Azure Batch offers low-priorty virtual machines (VMs) to reduce the cost of Batch workloads. Low-priority VMs make new types of Batch workloads possible by providing a large amount of compute power that is also economical.
Low-priority VMs take advantage of surplus capacity in Azure. When you specify low-priority VMs in your pools, Azure Batch can automatically use this surplus when available.
The tradeoff for using low-priority VMs is that those VMs may be preempted when no surplus capacity is available in Azure. For this reason, low-priority VMs are most suitable for certain types of workloads. Use low-priority VMs for batch and asynchronous processing workloads where the job completion time is flexible and the work is distributed across many VMs.
Low-priority VMs are significantly less expensive than dedicated VMs.
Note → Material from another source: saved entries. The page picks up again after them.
text \<open>
  Because the integrand is quadratic in the derivative, the increment Phi(u0 + h) - Phi(u0) is
  exactly the first variation of Phi at u0 in direction h, plus the Dirichlet energy of h, plus
  the error of linearising g along u0, which is small compared with max |h|.  Weak minimality
  makes the first variation vanish on all admissible variations.  For a C^0-small variation h
  there are two cases.  If the energy of h is large compared with max |h|, it absorbs the
  linearisation error.  Otherwise clip h' at a level M and repair the boundary values: this
  gives a C^1-small variation k, so Phi(u0 + k) >= Phi(u0) by weak minimality, and the energy
  lost by clipping, at least 2M times the L^1 distance of h' from its clipping, pays for the
  linearisation error when h is compared with k.
\<close>

definition C1_D :: "real \<Rightarrow> real \<Rightarrow> bool \<Rightarrow> bool \<Rightarrow> (real \<Rightarrow> real) set" where
  "C1_D a b Da Db = {w. C1_on a b w \<and> (Da \<longrightarrow> w a = 0) \<and> (Db \<longrightarrow> w b = 0)}"

definition first_variation ::
    "real \<Rightarrow> real \<Rightarrow> real \<Rightarrow> (real \<Rightarrow> real) \<Rightarrow> (real \<Rightarrow> real) \<Rightarrow> (real \<Rightarrow> real) \<Rightarrow> real" where
  "first_variation a b K G u w =
     integral {a..b} (\<lambda>x. 2 * (dC1 a b u x - K) * dC1 a b w x + G (u x) * w x)"

lemma dC1_eq:
  assumes "a < b" "x \<in> {a..b}" "(v has_real_derivative d) (at x within {a..b})"
  shows "dC1 a b v x = d"
  unfolding dC1_def using assms vector_derivative_within_cbox[of a b x v d]
  by (simp add: has_real_derivative_iff_has_vector_derivative)

lemma C1_onI:
  assumes "continuous_on {a..b} d" "\<And>x. x \<in> {a..b} \<Longrightarrow> (v has_real_derivative d x) (at x within {a..b})"
  shows "C1_on a b v"
  unfolding C1_on_def using assms by blast

lemma
  assumes "a < b" "C1_on a b v"
  shows C1_on_has_derivative:
      "\<And>x. x \<in> {a..b} \<Longrightarrow> (v has_real_derivative dC1 a b v x) (at x within {a..b})"
    and continuous_on_dC1: "continuous_on {a..b} (dC1 a b v)"
proof -
  obtain d where d: "continuous_on {a..b} d"
    and v': "\<And>x. x \<in> {a..b} \<Longrightarrow> (v has_real_derivative d x) (at x within {a..b})"
    using assms(2) unfolding C1_on_def by blast
  have "dC1 a b v x = d x" if "x \<in> {a..b}" for x
    using dC1_eq[OF assms(1) that v'[OF that]] .
  then show "(v has_real_derivative dC1 a b v x) (at x within {a..b})" if "x \<in> {a..b}" for x
    using v' that by simp
  show "continuous_on {a..b} (dC1 a b v)"
    using continuous_on_eq[OF d] \<open>\<And>x. x \<in> {a..b} \<Longrightarrow> dC1 a b v x = d x\<close> by simp
qed

lemma C1_on_imp_continuous_on:
  assumes "a < b" "C1_on a b v"
  shows "continuous_on {a..b} v"
  unfolding continuous_on_eq_continuous_within
  using C1_on_has_derivative[OF assms] DERIV_continuous by blast

lemma
  assumes "a < b" "C1_on a b u" "C1_on a b v"
  shows C1_on_add: "C1_on a b (\<lambda>x. u x + v x)"
    and dC1_add: "\<And>x. x \<in> {a..b} \<Longrightarrow> dC1 a b (\<lambda>x. u x + v x) x = dC1 a b u x + dC1 a b v x"
proof -
  have der: "((\<lambda>x. u x + v x) has_real_derivative dC1 a b u x + dC1 a b v x) (at x within {a..b})"
    if "x \<in> {a..b}" for x
    using that by (auto intro!: derivative_eq_intros C1_on_has_derivative assms)
  show "C1_on a b (\<lambda>x. u x + v x)"
    using assms by (intro C1_onI[OF _ der] continuous_intros continuous_on_dC1)
  show "dC1 a b (\<lambda>x. u x + v x) x = dC1 a b u x + dC1 a b v x" if "x \<in> {a..b}" for x
    using dC1_eq[OF assms(1) that der[OF that]] .
qed

lemma C1_on_diff:
  assumes "a < b" "C1_on a b u" "C1_on a b v"
  shows "C1_on a b (\<lambda>x. u x - v x)"
proof -
  have der: "((\<lambda>x. u x - v x) has_real_derivative dC1 a b u x - dC1 a b v x) (at x within {a..b})"
    if "x \<in> {a..b}" for x
    using that by (auto intro!: derivative_eq_intros C1_on_has_derivative assms)
  show ?thesis
    using assms by (intro C1_onI[OF _ der] continuous_intros continuous_on_dC1)
qed

lemma
  assumes "a < b" "C1_on a b v"
  shows C1_on_cmult: "C1_on a b (\<lambda>x. c * v x)"
    and dC1_cmult: "\<And>x. x \<in> {a..b} \<Longrightarrow> dC1 a b (\<lambda>x. c * v x) x = c * dC1 a b v x"
proof -
  have der: "((\<lambda>x. c * v x) has_real_derivative c * dC1 a b v x) (at x within {a..b})"
    if "x \<in> {a..b}" for x
    using that by (auto intro!: derivative_eq_intros C1_on_has_derivative assms)
  show "C1_on a b (\<lambda>x. c * v x)"
    using assms by (intro C1_onI[OF _ der] continuous_intros continuous_on_dC1)
  show "dC1 a b (\<lambda>x. c * v x) x = c * dC1 a b v x" if "x \<in> {a..b}" for x
    using dC1_eq[OF assms(1) that der[OF that]] .
qed

lemma integral_dC1:
  assumes "a < b" "C1_on a b v"
  shows "integral {a..b} (dC1 a b v) = v b - v a"
  using assms C1_on_has_derivative[OF assms]
  by (intro integral_unique fundamental_theorem_of_calculus)
     (auto simp: has_real_derivative_iff_has_vector_derivative)

lemma abs_le_supnorm:
  assumes "continuous_on {a..b} v" "x \<in> {a..b}"
  shows "\<bar>v x\<bar> \<le> supnorm a b v"
proof -
  have "compact ((\<lambda>x. \<bar>v x\<bar>) ` {a..b})"
    using assms(1) by (intro compact_continuous_image continuous_intros) auto
  then have "bdd_above ((\<lambda>x. \<bar>v x\<bar>) ` {a..b})"
    by (intro bounded_imp_bdd_above compact_imp_bounded)
  then show ?thesis
    unfolding supnorm_def using assms(2) by (rule cSUP_upper2) simp
qed

lemma supnorm_nonneg:
  assumes "a \<le> b" "continuous_on {a..b} v"
  shows "0 \<le> supnorm a b v"
  using abs_le_supnorm[OF assms(2), of a] assms(1) by simp

lemma supnorm_le:
  assumes "a \<le> b" "\<And>x. x \<in> {a..b} \<Longrightarrow> \<bar>v x\<bar> \<le> c"
  shows "supnorm a b v \<le> c"
  unfolding supnorm_def using assms by (intro cSUP_least) auto

lemma C1norm_cmult_le:
  assumes "a < b" "C1_on a b v"
  shows "C1norm a b (\<lambda>x. c * v x) \<le> \<bar>c\<bar> * C1norm a b v"
proof -
  have "supnorm a b (\<lambda>x. c * v x) \<le> \<bar>c\<bar> * supnorm a b v"
    using assms abs_le_supnorm[OF C1_on_imp_continuous_on[OF assms]]
    by (intro supnorm_le) (auto simp: abs_mult intro: mult_left_mono)
  moreover have "supnorm a b (dC1 a b (\<lambda>x. c * v x)) \<le> \<bar>c\<bar> * supnorm a b (dC1 a b v)"
    using assms abs_le_supnorm[OF continuous_on_dC1[OF assms]]
    by (intro supnorm_le) (auto simp: dC1_cmult abs_mult intro: mult_left_mono)
  ultimately show ?thesis
    by (simp add: C1norm_def distrib_left)
qed

lemma integral_abs_le_length_mult:
  fixes f :: "real \<Rightarrow> real"
  assumes "a \<le> b" "continuous_on {a..b} f" "\<And>x. x \<in> {a..b} \<Longrightarrow> \<bar>f x\<bar> \<le> B"
  shows "integral {a..b} (\<lambda>x. \<bar>f x\<bar>) \<le> (b - a) * B"
proof -
  have "\<bar>integral {a..b} (\<lambda>x. \<bar>f x\<bar>)\<bar> \<le> B * (b - a)"
    using integral_bound[of a b "\<lambda>x. \<bar>f x\<bar>" B] assms by (auto intro!: continuous_intros)
  then show ?thesis
    by (simp add: mult.commute)
qed

lemma uniform_linearization:
  fixes g G :: "real \<Rightarrow> real"
  assumes g': "\<And>y. (g has_real_derivative G y) (at y)" and "continuous_on UNIV G"
    and "bounded U" and "\<eta> > 0"
  obtains r where "r > 0"
    "\<And>c y z. c \<in> U \<Longrightarrow> \<bar>y - c\<bar> \<le> r \<Longrightarrow> \<bar>z - c\<bar> \<le> r \<Longrightarrow>
       \<bar>g y - g z - G c * (y - z)\<bar> \<le> \<eta> * \<bar>y - z\<bar>"
proof -
  obtain C where C: "\<And>c. c \<in> U \<Longrightarrow> \<bar>c\<bar> \<le> C"
    using \<open>bounded U\<close> by (auto simp: bounded_real)
  have "uniformly_continuous_on (cball 0 (C + 1)) G"
    by (intro compact_uniformly_continuous continuous_on_subset[OF \<open>continuous_on UNIV G\<close>]) auto
  then obtain d where "d > 0"
    and d: "\<And>s t. s \<in> cball 0 (C + 1) \<Longrightarrow> t \<in> cball 0 (C + 1) \<Longrightarrow> dist t s < d \<Longrightarrow>
                  dist (G t) (G s) < \<eta>"
    unfolding uniformly_continuous_on_def using \<open>\<eta> > 0\<close> by metis
  define r where "r = min 1 (d / 2)"
  have "\<bar>g y - g z - G c * (y - z)\<bar> \<le> \<eta> * \<bar>y - z\<bar>"
    if "c \<in> U" "\<bar>y - c\<bar> \<le> r" "\<bar>z - c\<bar> \<le> r" for c y z
  proof -
    have "\<bar>G t - G c\<bar> \<le> \<eta>" if "t \<in> cball c r" for t
    proof -
      have "c \<in> cball 0 (C + 1)" "t \<in> cball 0 (C + 1)" "dist t c < d"
        using C[OF \<open>c \<in> U\<close>] that \<open>d > 0\<close> abs_minus_commute[of t c]
        by (auto simp: r_def dist_real_def)
      then show ?thesis
        using d by (fastforce simp: dist_real_def)
    qed
    moreover have "((\<lambda>t. g t - G c * t) has_field_derivative G t - G c) (at t within cball c r)" for t
      by (rule has_field_derivative_at_within, rule DERIV_diff[OF g' DERIV_cmult_Id])
    moreover have "y \<in> cball c r" "z \<in> cball c r"
      using that by (auto simp: dist_real_def)
    ultimately have "norm ((g y - G c * y) - (g z - G c * z)) \<le> \<eta> * norm (y - z)"
      by (intro field_differentiable_bound[of "cball c r" "\<lambda>t. g t - G c * t" "\<lambda>t. G t - G c"]) auto
    then show ?thesis
      by (simp add: algebra_simps)
  qed
  moreover have "r > 0"
    using \<open>d > 0\<close> by (simp add: r_def)
  ultimately show ?thesis
    using that by blast
qed

lemma clip_square_gap:
  fixes M y :: real
  assumes "M > 0"
  shows "2 * M * \<bar>y - max (-M) (min M y)\<bar> \<le> y\<^sup>2 - (max (-M) (min M y))\<^sup>2"
proof -
  consider "y > M" | "y < -M" | "\<bar>y\<bar> \<le> M"
    by linarith
  then show ?thesis
  proof cases
    case 1
    then show ?thesis
      using assms zero_le_power2[of "y - M"] by (simp add: power2_eq_square algebra_simps)
  next
    case 2
    then show ?thesis
      using assms zero_le_power2[of "y + M"] by (simp add: power2_eq_square algebra_simps)
  qed (simp add: abs_le_iff)
qed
For pricing details, see Batch Pricing.
For an additional discussion of low-priority VMs, see the blog post announcement: Batch computing at a fraction of the price.
Low-priority VMs are currently in preview, and are available only for workloads running in Batch.
Use cases for low-priority VMs
Given the characteristics of low-priority VMs, what workloads can and cannot use them? In general, batch processing workloads are a good fit, as jobs are broken into many parallel tasks or there are many jobs that are scaled out and distributed across many VMs.
To maximize use of surplus capacity in Azure, suitable jobs can scale out.
Occasionally VMs may not be available or will be preempted, which will result in reduced capacity for jobs and may lead to task interruption and reruns. Jobs must therefore be flexible in the time they can take to run.
Jobs with longer tasks may be impacted more if interrupted. If long-running tasks implement checkpointing to save progress as they execute, then the impact of interruption would be far less. Tasks with shorter execution times tend to work best with low-priority VMs as the impact of interruption is far less.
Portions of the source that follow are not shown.